A pharmacokinetic drug interaction study between nebivolol and paroxetine in healthy volunteers

What is known and objective: Nebivolol is a highly selective beta-blocker with additional vasodilator properties, widely used in the clinical practice for the treatment of hypertension and heart failure. Paroxetine is a second-generation antidepressant and a potent inhibitor of CYP2D6, the same isoenzyme involved in the metabolism of nebivolol. The objective of this study was to investigate the effect of multiple-dose paroxetine intake on the pharmacokinetics of nebivolol in healthy volunteers and its potential consequences upon nebivolol pharmacodynamics.

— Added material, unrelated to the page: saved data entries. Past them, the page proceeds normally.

(* Let $I$ be a quasiconcave function and put $\widetilde I(t)=t/I(t)$. Then (i) $T_I$ is bounded on $m_{\widetilde I}$, i.e. $\|T_If\|_{m_{\widetilde I}}\lesssim\|f\|_{m_{\widetilde I}}$ for $f\in\mathcal M_+(0,1)$; (ii) $T_I$ is bounded on $L^1$ if and only if $\int_0^t\frac{I(s)}{s}ds\lesssim I(t)$ for $t\in(0,1)$.
   Context: A quasiconcave function is a nondecreasing bijection $I:(0,1)\to(0,1)$ with $I(0+)=0$, $I(1-)=1$ and $t\mapsto I(t)/t$ nonincreasing. $\mathcal M_+(0,1)$: nonnegative measurable functions on $(0,1)$; $f^*$: nonincreasing rearrangement. $T_If(t)=\frac{I(t)}{t}\sup_{t\le s<1}\frac{s}{I(s)}f^*(s)$. For a nondecreasing $J$, $\|f\|_{m_J}=\sup_{0<t<1}J(t)f^*(t)$. $A\lesssim B$ means $A\le CB$ with $C$ independent of $f$ and $t$. *)

theory Defs
  imports "HOL-Analysis.Analysis"
begin

definition quasiconcave :: "(real \<Rightarrow> real) \<Rightarrow> bool" where
  "quasiconcave I \<longleftrightarrow>
     bij_betw I {0<..<1} {0<..<1} \<and>
     mono_on {0<..<1} I \<and>
     (I \<longlongrightarrow> 0) (at_right 0) \<and>
     (I \<longlongrightarrow> 1) (at_left 1) \<and>
     (\<forall>s t. 0 < s \<and> s \<le> t \<and> t < 1 \<longrightarrow> I t / t \<le> I s / s)"

text \<open>Nonnegative measurable functions on (0,1) (values in [0,\<infinity>]); only the values on (0,1) matter.\<close>
definition Mplus :: "(real \<Rightarrow> ennreal) set" where
  "Mplus = borel_measurable lebesgue"

definition distf :: "(real \<Rightarrow> ennreal) \<Rightarrow> ennreal \<Rightarrow> ennreal" where
  "distf f s = emeasure lebesgue {x \<in> {0<..<1}. s < f x}"

definition rearr :: "(real \<Rightarrow> ennreal) \<Rightarrow> real \<Rightarrow> ennreal" where
  "rearr f t = Inf {s. distf f s \<le> ennreal t}"

definition T_op :: "(real \<Rightarrow> real) \<Rightarrow> (real \<Rightarrow> ennreal) \<Rightarrow> real \<Rightarrow> ennreal" where
  "T_op I f t = ennreal (I t / t) * (SUP s\<in>{t..<1}. ennreal (s / I s) * rearr f s)"

definition m_norm :: "(real \<Rightarrow> real) \<Rightarrow> (real \<Rightarrow> ennreal) \<Rightarrow> ennreal" where
  "m_norm J f = (SUP t\<in>{0<..<1}. ennreal (J t) * rearr f t)"

definition L1_norm :: "(real \<Rightarrow> ennreal) \<Rightarrow> ennreal" where
  "L1_norm f = (\<integral>\<^sup>+ x \<in> {0<..<1}. f x \<partial>lebesgue)"

end

theory Submission
  imports Defs
begin

text \<open>
  (i) \<open>T\<^sub>I f\<close> is nonincreasing, so \<open>(T\<^sub>I f)\<^sup>* \<le> T\<^sub>I f\<close>; and \<open>t / I(t) \<cdot> T\<^sub>I f(t)\<close> is a supremum of
  values \<open>s / I(s) \<cdot> f\<^sup>*(s)\<close>, each bounded by the norm of \<open>f\<close>.

  (ii) Testing on \<open>f = indicator (0, 2a)\<close>, for which \<open>f\<^sup>*(a) = 1\<close>, gives \<open>T\<^sub>I f(t) \<ge> I(t)/t \<cdot> a/I(a)\<close>
  on \<open>(0, a)\<close> while \<open>\<parallel>f\<parallel>\<^sub>1 \<le> 2a\<close>, which forces \<open>\<integral>\<^sub>0\<^sup>a I(s)/s ds \<lesssim> I(a)\<close>.
  Conversely, \<open>f\<^sup>*/I\<close> is nonincreasing, so \<open>s f\<^sup>*(s)/I(s) \<le> t f\<^sup>*(t)/I(t) + \<integral>\<^sub>t\<^sup>s f\<^sup>*/I\<close> and hence
  \<open>T\<^sub>I f(t) \<le> f\<^sup>*(t) + I(t)/t \<cdot> \<integral>\<^sub>t\<^sup>1 f\<^sup>*(r)/I(r) dr\<close>. By Tonelli the \<open>L\<^sup>1\<close> norm of the second
  term is \<open>\<integral>\<^sub>0\<^sup>1 f\<^sup>*(r)/I(r) \<cdot> (\<integral>\<^sub>0\<^sup>r I(t)/t dt) dr \<lesssim> \<parallel>f\<^sup>*\<parallel>\<^sub>1\<close>, and \<open>\<parallel>f\<^sup>*\<parallel>\<^sub>1 \<le> \<parallel>f\<parallel>\<^sub>1\<close> by the
  layer cake formula.
\<close>

lemma emeasure_lborel_nonneg_less: "emeasure lborel {s::real. 0 \<le> s \<and> ennreal s < c} = c"
proof (cases c)
  case (real r)
  then have "{s::real. 0 \<le> s \<and> ennreal s < c} = {0..<r}"
    by (auto simp: ennreal_less_iff)
  then show ?thesis using real by simp
next
  case top
  have "emeasure lborel {0::real..} = \<infinity>"
  proof (rule ccontr)
    assume "emeasure lborel {0::real..} \<noteq> \<infinity>"
    then obtain r where r: "emeasure lborel {0::real..} = ennreal r" "0 \<le> r"
      by (cases "emeasure lborel {0::real..}") auto
    have "emeasure lborel {0::real..r+1} \<le> emeasure lborel {0::real..}"
      by (rule emeasure_mono) auto
    then show False using r by (simp add: ennreal_le_iff)
  qed
  moreover have "{s::real. 0 \<le> s \<and> ennreal s < c} = {0..}" using top by auto
  ultimately show ?thesis using top by simp
qed

lemma sigma_finite_lebesgue: "sigma_finite_measure (lebesgue :: real measure)"
proof
  show "\<exists>A::real set set. countable A \<and> A \<subseteq> sets lebesgue \<and> \<Union>A = space lebesgue \<and>
          (\<forall>a\<in>A. emeasure lebesgue a \<noteq> \<infinity>)"
  proof (intro exI[of _ "range (\<lambda>n::nat. {-real n..real n})"] conjI)
    show "\<Union>(range (\<lambda>n::nat. {-real n..real n})) = space lebesgue"
    proof auto
      fix x :: real
      obtain n :: nat where "\<bar>x\<bar> \<le> real n" using real_arch_simple by blast
      then show "\<exists>n. - real n \<le> x \<and> x \<le> real n" by (intro exI[of _ n]) auto
    qed
  qed (auto simp: emeasure_lborel_Icc_eq)
qed

lemma nn_integral_layer_cake:
  assumes "sigma_finite_measure M" and [measurable]: "f \<in> borel_measurable M"
  shows "(\<integral>\<^sup>+x. f x \<partial>M) = (\<integral>\<^sup>+s\<in>{0..}. emeasure M {x\<in>space M. ennreal s < f x} \<partial>lborel)"
proof -
  interpret M: sigma_finite_measure M by fact
  interpret pair_sigma_finite M lborel ..
  have "(\<integral>\<^sup>+x. f x \<partial>M) =
      (\<integral>\<^sup>+x. (\<integral>\<^sup>+s. indicator {s. 0 \<le> s \<and> ennreal s < f x} s \<partial>lborel) \<partial>M)"
    by (simp add: emeasure_lborel_nonneg_less)
  also have "\<dots> = (\<integral>\<^sup>+s. (\<integral>\<^sup>+x. indicator {s. 0 \<le> s \<and> ennreal s < f x} s \<partial>M) \<partial>lborel)"
    by (rule Fubini'[symmetric]) measurable
  also have "\<dots> = (\<integral>\<^sup>+s\<in>{0..}. emeasure M {x\<in>space M. ennreal s < f x} \<partial>lborel)"
  proof (rule nn_integral_cong)
    fix s :: real
    have "(\<integral>\<^sup>+x. indicator {s. 0 \<le> s \<and> ennreal s < f x} s \<partial>M) =
        (\<integral>\<^sup>+x. indicator {0..} s * indicator {x\<in>space M. ennreal s < f x} x \<partial>M)"
      by (rule nn_integral_cong) (auto simp: indicator_def)
    then show "(\<integral>\<^sup>+x. indicator {s. 0 \<le> s \<and> ennreal s < f x} s \<partial>M) =
        emeasure M {x\<in>space M. ennreal s < f x} * indicator {0..} s"
      by (simp add: nn_integral_cmult_indicator mult.commute)
  qed
  finally show ?thesis .
qed

lemma rearr_antimono: "t \<le> t' \<Longrightarrow> rearr f t' \<le> rearr f t"
  unfolding rearr_def by (rule Inf_superset_mono) (auto intro: order_trans ennreal_leI)

lemma rearr_le_of_distf_le: "distf f y \<le> ennreal t \<Longrightarrow> rearr f t \<le> y"
  unfolding rearr_def by (auto intro: Inf_lower)

lemma borel_measurable_rearr [measurable]: "rearr f \<in> borel_measurable borel"
proof (rule borel_measurableI_greater)
  fix y
  have "is_interval {x. y < rearr f x}"
    unfolding is_interval_1 using rearr_antimono[of _ _ f] by (auto intro: less_le_trans)
  then show "{x \<in> space borel. y < rearr f x} \<in> sets borel"
    using real_interval_borel_measurable by simp
qed

lemma rearr_le_of_antimono:
  assumes "0 \<le> t" and antimono: "\<And>x. t \<le> x \<Longrightarrow> x < 1 \<Longrightarrow> g x \<le> g t"
  shows "rearr g t \<le> g t"
proof (rule rearr_le_of_distf_le)
  have "{x \<in> {0<..<1}. g t < g x} \<subseteq> {0<..<t}"
    using antimono by (force simp: not_less[symmetric])
  then have "distf g (g t) \<le> emeasure lebesgue {0<..<t}"
    unfolding distf_def by (rule emeasure_mono) simp
  then show "distf g (g t) \<le> ennreal t" using assms by simp
qed

lemma emeasure_rearr_greater_le_distf:
  "emeasure lborel {t \<in> {0<..<1}. y < rearr f t} \<le> distf f y"
proof (cases "distf f y")
  case (real d)
  have "{t \<in> {0<..<1}. y < rearr f t} \<subseteq> {0<..<d}"
  proof clarsimp
    fix t :: real assume t: "0 < t" "t < 1" "y < rearr f t"
    then have "\<not> distf f y \<le> ennreal t"
      using rearr_le_of_distf_le[of f y t] by auto
    then show "t < d" using real t by (auto simp: ennreal_le_iff)
  qed
  then have "emeasure lborel {t \<in> {0<..<1}. y < rearr f t} \<le> emeasure lborel {0<..<d}"
    by (rule emeasure_mono) simp
  then show ?thesis using real by simp
qed simp

lemma nn_integral_rearr_le:
  assumes "f \<in> Mplus"
  shows "(\<integral>\<^sup>+t\<in>{0<..<1}. rearr f t \<partial>lborel) \<le> L1_norm f"
proof -
  have [measurable]: "f \<in> borel_measurable lebesgue" using assms by (simp add: Mplus_def)
  have level_set: "{x. ennreal s < g x * indicator {0<..<1} x} = {x \<in> {0<..<1}. ennreal s < g x}"
    for g :: "real \<Rightarrow> ennreal" and s
    by (auto simp: indicator_def)
  have "(\<integral>\<^sup>+t\<in>{0<..<1}. rearr f t \<partial>lborel) =
      (\<integral>\<^sup>+s\<in>{0..}. emeasure lborel {t \<in> {0<..<1}. ennreal s < rearr f t} \<partial>lborel)"
    by (subst nn_integral_layer_cake) (auto simp: sigma_finite_lborel level_set)
  also have "\<dots> \<le> (\<integral>\<^sup>+s\<in>{0..}. distf f (ennreal s) \<partial>lborel)"
    by (intro nn_integral_mono mult_right_mono emeasure_rearr_greater_le_distf) simp
  also have "\<dots> = L1_norm f"
  proof -
    have "(\<lambda>x. f x * indicator {0<..<1} x) \<in> borel_measurable lebesgue"
      by (intro borel_measurable_times_ennreal borel_measurable_indicator) simp_all
    from nn_integral_layer_cake[OF sigma_finite_lebesgue this] show ?thesis
      by (simp add: L1_norm_def distf_def level_set)
  qed
  finally show ?thesis .
qed

lemma ennreal_divide_times_flip: "0 < a \<Longrightarrow> 0 < b \<Longrightarrow> ennreal (a / b) * ennreal (b / a) = 1"
  by (simp flip: ennreal_mult'')

lemma quasiconcave_pos: "quasiconcave I \<Longrightarrow> 0 < t \<Longrightarrow> t < 1 \<Longrightarrow> 0 < I t"
  unfolding quasiconcave_def using bij_betwE by fastforce

lemma quasiconcave_mono: "quasiconcave I \<Longrightarrow> 0 < s \<Longrightarrow> s \<le> t \<Longrightarrow> t < 1 \<Longrightarrow> I s \<le> I t"
  unfolding quasiconcave_def by (auto intro: mono_onD)

lemma quasiconcave_ratio_antimono:
  "quasiconcave I \<Longrightarrow> 0 < s \<Longrightarrow> s \<le> t \<Longrightarrow> t < 1 \<Longrightarrow> I t / t \<le> I s / s"
  unfolding quasiconcave_def by auto

lemma T_op_antimono:
  assumes "quasiconcave I" "0 < t" "t \<le> x" "x < 1"
  shows "T_op I f x \<le> T_op I f t"
  unfolding T_op_def
proof (rule mult_mono)
  show "ennreal (I x / x) \<le> ennreal (I t / t)"
    using quasiconcave_ratio_antimono[OF assms] by (rule ennreal_leI)
  show "(SUP s\<in>{x..<1}. ennreal (s / I s) * rearr f s) \<le> (SUP s\<in>{t..<1}. ennreal (s / I s) * rearr f s)"
    by (rule SUP_subset_mono) (use assms in auto)
qed auto

lemma rearr_T_op_le: "quasiconcave I \<Longrightarrow> 0 < t \<Longrightarrow> rearr (T_op I f) t \<le> T_op I f t"
  by (rule rearr_le_of_antimono) (auto intro: T_op_antimono)

lemma m_norm_T_op_le:
  assumes qc: "quasiconcave I"
  shows "m_norm (\<lambda>t. t / I t) (T_op I f) \<le> m_norm (\<lambda>t. t / I t) f"
  unfolding m_norm_def[of _ "T_op I f"]
proof (rule SUP_least)
  fix t :: real assume t: "t \<in> {0<..<1}"
  have "ennreal (t / I t) * rearr (T_op I f) t \<le> ennreal (t / I t) * T_op I f t"
    using rearr_T_op_le[OF qc] t by (intro mult_left_mono) auto
  also have "\<dots> = (ennreal (t / I t) * ennreal (I t / t)) * (SUP s\<in>{t..<1}. ennreal (s / I s) * rearr f s)"
    unfolding T_op_def by (simp add: mult.assoc)
  also have "ennreal (t / I t) * ennreal (I t / t) = 1"
    using quasiconcave_pos[OF qc] t by (simp add: ennreal_divide_times_flip)
  also have "1 * (SUP s\<in>{t..<1}. ennreal (s / I s) * rearr f s) \<le> m_norm (\<lambda>t. t / I t) f"
    unfolding m_norm_def by (simp, rule SUP_subset_mono) (use t in auto)
  finally show "ennreal (t / I t) * rearr (T_op I f) t \<le> m_norm (\<lambda>t. t / I t) f" .
qed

Methods: The study included 23 healthy subjects and was designed as an open-label, single-centre, non-randomized, two-period clinical trial. During period 1 (reference), each volunteer received a single dose of 5 mg nebivolol, whereas during period 2 (test), each volunteer received a single dose of 5 mg nebivolol and 20 mg paroxetine, after a pretreatment regimen with paroxetine (20-40 mg/day for 6 days). The pharmacokinetic parameters of nebivolol and its active metabolite were analysed by non-compartmental modelling. The pharmacodynamic parameters (blood pressure and heart rate) were assessed at rest, after each nebivolol intake.

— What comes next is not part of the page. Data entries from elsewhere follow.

(* Let $n\in\mathbb N$ be even and let $1_n=(1,2,\ldots,n)$. Let $$a_1(n)=\{\pi\in\mathcal P_2(n)\,:\,\#(\pi^{-1}1_n)=n/2-1\}.$$ For $1\le u<v<n$ let $\mathrm{NC}^{\rm T}_{2,u,v}(n)$ be the set of pairings $\pi\in\mathcal P_2(n)$ such that, with $\gamma=1_n\,(u-1,v)$ (where the transposition $(0,v)$ is interpreted as $(n,v)$): (i) the group $\langle\pi,\gamma\rangle$ acts transitively on $[n]$; (ii) $\#(\pi)+\#(\pi^{-1}\gamma)+\#(\gamma)=n+2$; (iii) $(u,v)$ is a cycle of $\pi$; (iv) for all $a\in\{1,\ldots,u-1\}$ (an empty condition when $u=1$), $\pi(a)\in[n]\setminus\{u,u+1,\ldots,v\}$. Let $\mathrm{NC}_2^{\rm T}(n)=\bigcup_{1\le u<v<n}\mathrm{NC}^{\rm T}_{2,u,v}(n)$. Then $a_1(n)=\mathrm{NC}_2^{\rm T}(n)$ as subsets of $\mathcal P_2(n)$.
   Context: $[n]=\{1,\ldots,n\}$. $\mathcal P_2(n)$ is the set of pairings of $[n]$, each identified with the fixed-point-free involution of $[n]$ whose cycles are its blocks. Permutations are composed right to left, $(\sigma\rho)(x)=\sigma(\rho(x))$, and $\#(\sigma)$ denotes the number of cycles of $\sigma$, fixed points included. Note $1_n(u-1,v)=(u,\ldots,v)(1,\ldots,u-1,v+1,\ldots,n)$ has two cycles. The set $a_1(n)$ encodes the genus-one orientable ribbon graphs built from one $n$-gon. *)

theory Defs
  imports "HOL-Combinatorics.Combinatorics"
begin

text \<open>Permutations of [n] = {1..n} are functions nat => nat that permute {1..n}
  (identity outside). Composition is right to left: (s o r) x = s (r x).\<close>

definition pairings :: "nat \<Rightarrow> (nat \<Rightarrow> nat) set" where
  "pairings n = {p. p permutes {1..n} \<and> (\<forall>x\<in>{1..n}. p (p x) = x \<and> p x \<noteq> x)}"

definition ncycles :: "nat \<Rightarrow> (nat \<Rightarrow> nat) \<Rightarrow> nat" where
  "ncycles n s = card ((\<lambda>x. {(s ^^ k) x | k. True}) ` {1..n})"

definition long_cycle :: "nat \<Rightarrow> nat \<Rightarrow> nat" where
  "long_cycle n x = (if 1 \<le> x \<and> x < n then x + 1 else if x = n then 1 else x)"

definition a1 :: "nat \<Rightarrow> (nat \<Rightarrow> nat) set" where
  "a1 n = {p \<in> pairings n. int (ncycles n (inv p \<circ> long_cycle n)) = int n div 2 - 1}"

inductive_set gen_group :: "(nat \<Rightarrow> nat) \<Rightarrow> (nat \<Rightarrow> nat) \<Rightarrow> (nat \<Rightarrow> nat) set"
  for a b where
  gg_id: "id \<in> gen_group a b"
| gg_a: "a \<in> gen_group a b"
| gg_b: "b \<in> gen_group a b"
| gg_comp: "f \<in> gen_group a b \<Longrightarrow> g \<in> gen_group a b \<Longrightarrow> f \<circ> g \<in> gen_group a b"
| gg_inv: "f \<in> gen_group a b \<Longrightarrow> inv f \<in> gen_group a b"

definition gammaT :: "nat \<Rightarrow> nat \<Rightarrow> nat \<Rightarrow> nat \<Rightarrow> nat" where
  "gammaT n u v = long_cycle n \<circ> transpose (if u = 1 then n else u - 1) v"

definition NCT_uv :: "nat \<Rightarrow> nat \<Rightarrow> nat \<Rightarrow> (nat \<Rightarrow> nat) set" where
  "NCT_uv n u v = {p \<in> pairings n.
     (\<forall>x\<in>{1..n}. \<forall>y\<in>{1..n}. \<exists>g\<in>gen_group p (gammaT n u v). g x = y) \<and>
     ncycles n p + ncycles n (inv p \<circ> gammaT n u v) + ncycles n (gammaT n u v) = n + 2 \<and>
     p u = v \<and> p v = u \<and>
     (\<forall>a\<in>{1..<u}. p a \<in> {1..n} - {u..v})}"

definition NCT :: "nat \<Rightarrow> (nat \<Rightarrow> nat) set" where
  "NCT n = (\<Union>u\<in>{1..<n}. \<Union>v\<in>{u<..<n}. NCT_uv n u v)"

end

theory Submission
  imports Defs
begin

text \<open>
  Write sigma = p 1_n; for a pairing p = p^-1, so the genus condition of a_1(n) is about #(sigma).
  Multiplying a permutation by a transposition (a b) splits the cycle through a and b when they
  share one, and merges their two cycles otherwise. Peeling the 2-cycles off an involution one at a
  time, a noncrossing pairing has #(sigma) = n/2 + 1 (an innermost arc joins consecutive points),
  while a pairing with a crossing a < b < c < d, p a = c, p b = d, has #(sigma) <= n/2 - 1, because
  (b d)(a c) 1_n is a single cycle. Finally p gamma = (p u, p (v+1)) sigma.

  For p in NC_{2,u,v}, condition (ii) says #(p gamma) = n/2, so #(sigma) >= n/2 - 1; and transitivity
  prevents p from preserving the gamma-invariant interval [u, v], which produces a crossing with the
  arc (u, v), so #(sigma) = n/2 - 1. Conversely, for p in a_1(n) take a crossing u < r < v < s,
  p u = v, p r = s, with u least: sigma v = p (v+1) lies on the cycle of v, giving (ii); the arc
  (r, s) joins the two cycles of gamma, giving transitivity; and minimality of u is (iv).
\<close>

section \<open>Counting cycles\<close>

definition num_cycles :: "'a set \<Rightarrow> ('a \<Rightarrow> 'a) \<Rightarrow> nat" where
  "num_cycles A s = card (orbit s ` A)"

lemma ncycles_eq_num_cycles: "permutation s \<Longrightarrow> ncycles n s = num_cycles {1..n} s"
  unfolding ncycles_def num_cycles_def by (simp add: orbit_altdef_permutation)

Results and discussion: Pretreatment with paroxetine increased the mean peak plasma concentrations (Cmax ) for unchanged nebivolol (1·78 ± 1·17 vs. 4·24 ± 1·67 ng/mL) and for its active metabolite (0·58 ± 0·21 vs. 0·79 ± 0·24 ng/mL) compared to nebivolol alone. The time (tmax ) to reach Cmax was 1·37 ± 0·88 (h) and 3·11 ± 1·76 (h) for the parent compound and its active metabolite after nebivolol administered alone and 3·96 ± 1·76 (h), respectively, 7·33 ± 7·84 (h) after pretreatment with paroxetine. Also, the total areas under the curve (AUC0-∞ ) were significantly increased from 17·26 ± 43·06 to 106·20 ± 65·56 h ng/mL for nebivolol unchanged and 13·03 ± 11·29 to 74·56 ± 88·77 h ng/mL for its hydroxylated metabolite, before and after paroxetine intake. All the pharmacokinetic parameters presented statistically significant differences when paroxetine was administered with nebivolol. Nonetheless, statistical analysis did not show a significant difference between the vital signs measured during the two periods.

What is new and conclusion: After pretreatment with paroxetine, the exposure to nebivolol was increased by 6·1-fold for the parent drug and 5·7-fold for the hydroxylated active metabolite. Paroxetine influenced nebivolol pharmacokinetics in healthy volunteers, but it did not have a significant effect on nebivolol pharmacodynamic parameters measured at rest, although the clinical relevance of this drug interaction needs further investigation.